Visto che devo tradurre da inglese a italiano, e che le frasi in inglese sono paddate a 6, mentre quelle in italiano a 10, faccio il padding anche di quelle in inglese portandole a 10.

In [14]:
traslate_padding_sequences_train = pad_sequences(padded_train_sequences_eng, maxlen_ita)

In [19]:
traslate_padding_sequences_train.shape

(40000, 10)

## 8. COSTRUZIONE DELLA RETE
La rete viene costruita in base all'output, quindi con i dati di ciò che è italiano.

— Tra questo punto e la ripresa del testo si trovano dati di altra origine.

lemma filter_upt_four:
  assumes "p < q" "q < r" "r < u" "u < T" "\<And>t. P t \<longleftrightarrow> t = p \<or> t = q \<or> t = r \<or> t = u"
  shows "filter P [0..<T] = [p, q, r, u]"
proof (rule sorted_distinct_set_unique)
  show "sorted (filter P [0..<T])" by (rule sorted_wrt_filter) simp
qed (use assms in auto)

lemma timed_word_interleaved:
  assumes "distinct L" "a \<in> set L" "b \<in> set L"
    and "s a < s b" "s b < f a" "f a < f b" "f b < T"
  shows "filter (\<lambda>c. c = a \<or> c = b) (timed_word L T s f) = [a, b, a, b]"
proof -
  have "filter (\<lambda>t. t = s a \<or> t = f a \<or> t = s b \<or> t = f b) [0..<T] = [s a, s b, f a, f b]"
    using assms by (intro filter_upt_four) auto
  then show ?thesis
    using assms by (subst filter_timed_word_pair) auto
qed

lemma timed_word_not_interleaved:
  assumes "distinct L" "a \<in> set L" "b \<in> set L"
    and "s a < f a \<and> f a < s b \<and> s b < f b \<and> f b < T \<or>
         s a < s b \<and> s b < f b \<and> f b < f a \<and> f a < T"
  shows "\<not> distinct_adj (filter (\<lambda>c. c = a \<or> c = b) (timed_word L T s f))"
  using assms(4)
proof (elim disjE conjE)
  assume "s a < f a" "f a < s b" "s b < f b" "f b < T"
  then have "filter (\<lambda>t. t = s a \<or> t = f a \<or> t = s b \<or> t = f b) [0..<T] = [s a, f a, s b, f b]"
    by (intro filter_upt_four) auto
  with assms(1-3) \<open>f a < s b\<close> \<open>s a < f a\<close> \<open>s b < f b\<close> show ?thesis
    by (subst filter_timed_word_pair) auto
next
  assume "s a < s b" "s b < f b" "f b < f a" "f a < T"
  then have "filter (\<lambda>t. t = s a \<or> t = f a \<or> t = s b \<or> t = f b) [0..<T] = [s a, s b, f b, f a]"
    by (intro filter_upt_four) auto
  with assms(1-3) \<open>s a < s b\<close> \<open>s b < f b\<close> \<open>f b < f a\<close> show ?thesis
    by (subst filter_timed_word_pair) auto
qed

section \<open>Semi-transitive orientations\<close>

definition ranked_arc :: "('a \<Rightarrow> 'a \<Rightarrow> bool) \<Rightarrow> ('a \<Rightarrow> nat) \<Rightarrow> 'a \<Rightarrow> 'a \<Rightarrow> bool" where
  "ranked_arc E rank u v \<longleftrightarrow> E u v \<and> rank u < rank v"

lemma ranked_reach_rank_less:
  "(ranked_arc E rank)\<^sup>*\<^sup>* u v \<Longrightarrow> u \<noteq> v \<Longrightarrow> rank u < rank v"
proof (induction rule: rtranclp_induct)
  case (step y z)
  then show ?case by (cases "u = y") (auto simp: ranked_arc_def)
qed simp

lemma ranked_reach_rank_gap:
  assumes "(ranked_arc E rank)\<^sup>*\<^sup>* u v" "u \<noteq> v" "\<not> ranked_arc E rank u v"
  shows "rank u + 2 \<le> rank v"
proof -
  obtain a where ua: "ranked_arc E rank u a" and av: "(ranked_arc E rank)\<^sup>*\<^sup>* a v"
    using assms(1,2) by (cases rule: converse_rtranclpE) auto
  have "a \<noteq> v" using ua assms(3) by blast
  then show ?thesis
    using ua ranked_reach_rank_less[OF av] by (auto simp: ranked_arc_def)
qed

text \<open>With at most four ranks, a directed path has at most three arcs, so semi-transitivity
  only has to be checked on paths of length three.\<close>
lemma semi_transitive_if_four_ranks:
  fixes E :: "'a \<Rightarrow> 'a \<Rightarrow> bool" and rank :: "'a \<Rightarrow> nat"
  defines "arc \<equiv> ranked_arc E rank"
  assumes rank_le: "\<And>v. rank v \<le> 3"
    and chords: "\<And>a b c d. arc a b \<Longrightarrow> arc b c \<Longrightarrow> arc c d \<Longrightarrow> E a d \<Longrightarrow> E a c \<and> E b d"
    and uw: "arc u w" and ux: "arc\<^sup>*\<^sup>* u x" and xy: "arc\<^sup>*\<^sup>* x y" and yw: "arc\<^sup>*\<^sup>* y w"
    and "x \<noteq> y"
  shows "E x y"
proof (cases "arc x y")
  case True
  then show ?thesis by (simp add: arc_def ranked_arc_def)
next
  case False
  have gap: "rank p + 2 \<le> rank q" if "arc\<^sup>*\<^sup>* p q" "p \<noteq> q" "\<not> arc p q" for p q
    using ranked_reach_rank_gap[of E rank p q] that unfolding arc_def by simp
  have less: "rank p < rank q" if "arc\<^sup>*\<^sup>* p q" "p \<noteq> q" for p q
    using ranked_reach_rank_less[of E rank p q] that unfolding arc_def by simp
  have rank_arc: "rank p < rank q" if "arc p q" for p q
    using that by (simp add: arc_def ranked_arc_def)
  obtain a where xa: "arc x a" and ay: "arc\<^sup>*\<^sup>* a y"
    using xy \<open>x \<noteq> y\<close> by (cases rule: converse_rtranclpE) auto
  have "a \<noteq> y" using xa False by blast
  have xy_gap: "rank x + 2 \<le> rank y" using gap[OF xy \<open>x \<noteq> y\<close> False] .
  consider "u = x" "y = w" | "u \<noteq> x" | "u = x" "y \<noteq> w" by blast
  then show ?thesis
  proof cases
    case 1
    then show ?thesis using uw by (simp add: arc_def ranked_arc_def)
  next
    case 2
    have "rank u < rank x" using less[OF ux 2] .
    moreover have "y = w \<or> rank y < rank w" using less[OF yw] by blast
    ultimately have "y = w" using xy_gap rank_le[of w] by linarith
    have "arc u x" using gap[OF ux 2] \<open>rank u < rank x\<close> xy_gap rank_le[of y] by linarith
    moreover have "arc a y"
      using gap[OF ay \<open>a \<noteq> y\<close>] rank_arc[OF xa] \<open>rank u < rank x\<close> rank_le[of y] by linarith
    ultimately show ?thesis using chords[OF _ xa, of u y] uw \<open>y = w\<close> by (simp add: arc_def ranked_arc_def)
  next
    case 3
    have "rank y < rank w" using less[OF yw 3(2)] .
    then have "arc y w" using gap[OF yw 3(2)] xy_gap rank_le[of w] by linarith
    moreover have "arc a y"
      using gap[OF ay \<open>a \<noteq> y\<close>] rank_arc[OF xa] xy_gap \<open>rank y < rank w\<close> rank_le[of w]
      by linarith
    ultimately show ?thesis using chords[OF xa, of y w] uw 3(1) by (simp add: arc_def ranked_arc_def)
  qed
qed

text \<open>An acyclic orientation is given by a ranking of the vertices: each edge points to its
  endpoint of larger rank (every acyclic orientation arises from a topological numbering).\<close>
locale semi_transitive_ranking =
  fixes vs :: "'a list" and E :: "'a \<Rightarrow> 'a \<Rightarrow> bool" and rank :: "'a \<Rightarrow> nat"
  assumes distinct_vs: "distinct vs"
    and adj_sym: "E a b \<Longrightarrow> E b a"
    and rank_proper: "E a b \<Longrightarrow> rank a \<noteq> rank b"
    and semi_transitive:
      "ranked_arc E rank u w \<Longrightarrow> (ranked_arc E rank)\<^sup>*\<^sup>* u x \<Longrightarrow> (ranked_arc E rank)\<^sup>*\<^sup>* x y
       \<Longrightarrow> (ranked_arc E rank)\<^sup>*\<^sup>* y w \<Longrightarrow> x \<noteq> y \<Longrightarrow> E x y"
begin

abbreviation arc :: "'a \<Rightarrow> 'a \<Rightarrow> bool" where "arc \<equiv> ranked_arc E rank"
abbreviation reach :: "'a \<Rightarrow> 'a \<Rightarrow> bool" where "reach \<equiv> arc\<^sup>*\<^sup>*"

lemma arc_rank_less: "arc a b \<Longrightarrow> rank a < rank b"
  by (simp add: ranked_arc_def)

lemma arc_adj: "arc a b \<Longrightarrow> E a b"
  by (simp add: ranked_arc_def)

lemma reach_antisym: "reach u v \<Longrightarrow> reach v u \<Longrightarrow> u = v"
  using ranked_reach_rank_less by (metis less_asym)

lemma arc_reach_trans: "arc u v \<Longrightarrow> reach v w \<Longrightarrow> reach u w"
  by (rule converse_rtranclp_into_rtranclp)

lemma arc_not_reach_back: "arc u v \<Longrightarrow> \<not> reach v u"
  using reach_antisym arc_rank_less by blast

definition bound :: nat where "bound = Suc (Max (rank ` set vs))"

definition horizon :: nat where "horizon = 4 * bound + 4"

lemma rank_less_bound: "v \<in> set vs \<Longrightarrow> rank v < bound"
  by (simp add: bound_def le_imp_less_Suc)

text \<open>A block is a timed word; its start and finish times are chosen so that every arc reads
  u v u v. For a non-adjacent pair with x below y the block reads x x y y: semi-transitivity keeps
  y out of the early starters of x.\<close>
definition early :: "'a \<Rightarrow> 'a set" where
  "early x = {v. \<exists>w. reach v w \<and> (reach w x \<or> (\<exists>u. reach u x \<and> arc u w))}"

definition lower_start :: "'a \<Rightarrow> 'a \<Rightarrow> nat" where
  "lower_start x v = (if v \<in> early x then rank v else 2 * bound + rank v)"

definition lower_finish :: "'a \<Rightarrow> 'a \<Rightarrow> nat" where
  "lower_finish x v = (if reach v x then bound + rank v else 3 * bound + rank v)"

lemma early_arc_closed: "arc a b \<Longrightarrow> b \<in> early x \<Longrightarrow> a \<in> early x"
  unfolding early_def using arc_reach_trans by blast

lemma lower_schedule_arc:
  assumes ab: "arc a b" and "a \<in> set vs" "b \<in> set vs"
  shows "lower_start x a < lower_start x b \<and> lower_start x b < lower_finish x a
    \<and> lower_finish x a < lower_finish x b"
proof -
  have ranks: "rank a < rank b" "rank a < bound" "rank b < bound"
    using arc_rank_less[OF ab] rank_less_bound assms(2,3) by auto
  have "b \<in> early x" if "reach a x"
    using ab that unfolding early_def by blast
  then have "lower_start x b < lower_finish x a"
    using ranks by (auto simp: lower_start_def lower_finish_def)
  moreover have "lower_start x a < lower_start x b"
    using early_arc_closed[OF ab] ranks by (auto simp: lower_start_def)
  moreover have "lower_finish x a < lower_finish x b"
    using arc_reach_trans[OF ab, of x] ranks by (auto simp: lower_finish_def)
  ultimately show ?thesis by blast
qed

lemma lower_schedule_separates:
  assumes "reach x y" "x \<noteq> y" "\<not> E x y" "x \<in> set vs" "y \<in> set vs"
  shows "lower_start x x < lower_finish x x \<and> lower_finish x x < lower_start x y
    \<and> lower_start x y < lower_finish x y"
proof -
  have "x \<in> early x" unfolding early_def by blast
  moreover have "y \<notin> early x"
  proof
    assume "y \<in> early x"
    then obtain w where yw: "reach y w" and "reach w x \<or> (\<exists>u. reach u x \<and> arc u w)"
      unfolding early_def by blast
    then consider "reach w x" | u where "reach u x" "arc u w" by blast
    then show False
    proof cases
      case 1
      then show False using reach_antisym[OF assms(1) rtranclp_trans[OF yw 1]] assms(2) by blast
    next
      case 2
      then show False using semi_transitive[OF 2(2,1) assms(1) yw assms(2)] assms(3) by blast
    qed
  qed
  moreover have "\<not> reach y x" using assms(1,2) reach_antisym by blast
  ultimately show ?thesis
    using rank_less_bound[OF assms(4)] rank_less_bound[OF assms(5)]
    by (simp add: lower_start_def lower_finish_def)
qed

text \<open>For an incomparable non-adjacent pair the block reads x y y x.\<close>
definition cross_low :: "'a \<Rightarrow> 'a \<Rightarrow> 'a set" where
  "cross_low x y = {v. reach v x \<or> (\<exists>u. arc u y \<and> reach v u)}"

definition cross_start :: "'a \<Rightarrow> 'a \<Rightarrow> 'a \<Rightarrow> nat" where
  "cross_start x y v =
    (if v = x then bound + 1 else if v \<in> cross_low x y then rank v else bound + 2 + rank v)"

definition cross_finish :: "'a \<Rightarrow> 'a \<Rightarrow> 'a \<Rightarrow> nat" where
  "cross_finish x y v = (if v = y then 3 * bound + 2 else 2 * bound + 2 + cross_start x y v)"

lemma cross_low_arc_closed: "arc a b \<Longrightarrow> b \<in> cross_low x y \<Longrightarrow> a \<in> cross_low x y"
  unfolding cross_low_def using arc_reach_trans by blast

context
  fixes x y
  assumes incomparable: "\<not> reach x y" "\<not> reach y x" and nonadj: "\<not> E x y"
begin

lemma not_cross_low_if_arc_from_x: "arc x b \<Longrightarrow> b \<notin> cross_low x y"
proof
  assume xb: "arc x b" and "b \<in> cross_low x y"
  then consider "reach b x" | u where "arc u y" "reach b u"
    unfolding cross_low_def by blast
  then show False
  proof cases
    case 1
    then show False using arc_not_reach_back[OF xb] by blast
  next
    case (2 u)
    then have "reach b y" by (meson rtranclp.rtrancl_into_rtrancl)
    then show False using arc_reach_trans[OF xb] incomparable(1) by blast
  qed
qed

lemma not_cross_low_if_arc_from_y: "arc y b \<Longrightarrow> b \<notin> cross_low x y"
proof
  assume yb: "arc y b" and "b \<in> cross_low x y"
  then consider "reach b x" | u where "arc u y" "reach b u"
    unfolding cross_low_def by blast
  then show False
  proof cases
    case 1
    then show False using arc_reach_trans[OF yb] incomparable(2) by blast
  next
    case (2 u)
    then show False using arc_not_reach_back[OF 2(1)] arc_reach_trans[OF yb] by blast
  qed
qed

lemma cross_start_arc:
  assumes ab: "arc a b" and "a \<in> set vs" "b \<in> set vs"
  shows "cross_start x y a < cross_start x y b"
proof -
  have ranks: "rank a < rank b" "rank a < bound" "rank b < bound"
    using arc_rank_less[OF ab] rank_less_bound assms(2,3) by auto
  consider "b = x" | "b \<noteq> x" "b \<in> cross_low x y" | "b \<noteq> x" "b \<notin> cross_low x y" by blast
  then show ?thesis
  proof cases
    case 1
    then have "a \<in> cross_low x y" "a \<noteq> x"
      using ab ranks unfolding cross_low_def by auto
    then show ?thesis using 1 ranks by (simp add: cross_start_def)
  next
    case 2
    then have "a \<noteq> x" using ab not_cross_low_if_arc_from_x by blast
    then show ?thesis using 2 cross_low_arc_closed[OF ab] ranks by (simp add: cross_start_def)
  next
    case 3
    then show ?thesis using ranks by (auto simp: cross_start_def)
  qed
qed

## 9. VALUTAZIONE DELLA RETE

In [15]:
# Devo paddare il padded_test_sequences_eng a maxlen_ita
traslate_padding_sequences_test = pad_sequences(padded_test_sequences_eng, maxlen_ita)

def evaluate_model(model):
    model.evaluate(traslate_padding_sequences_test, padded_test_sequences_ita)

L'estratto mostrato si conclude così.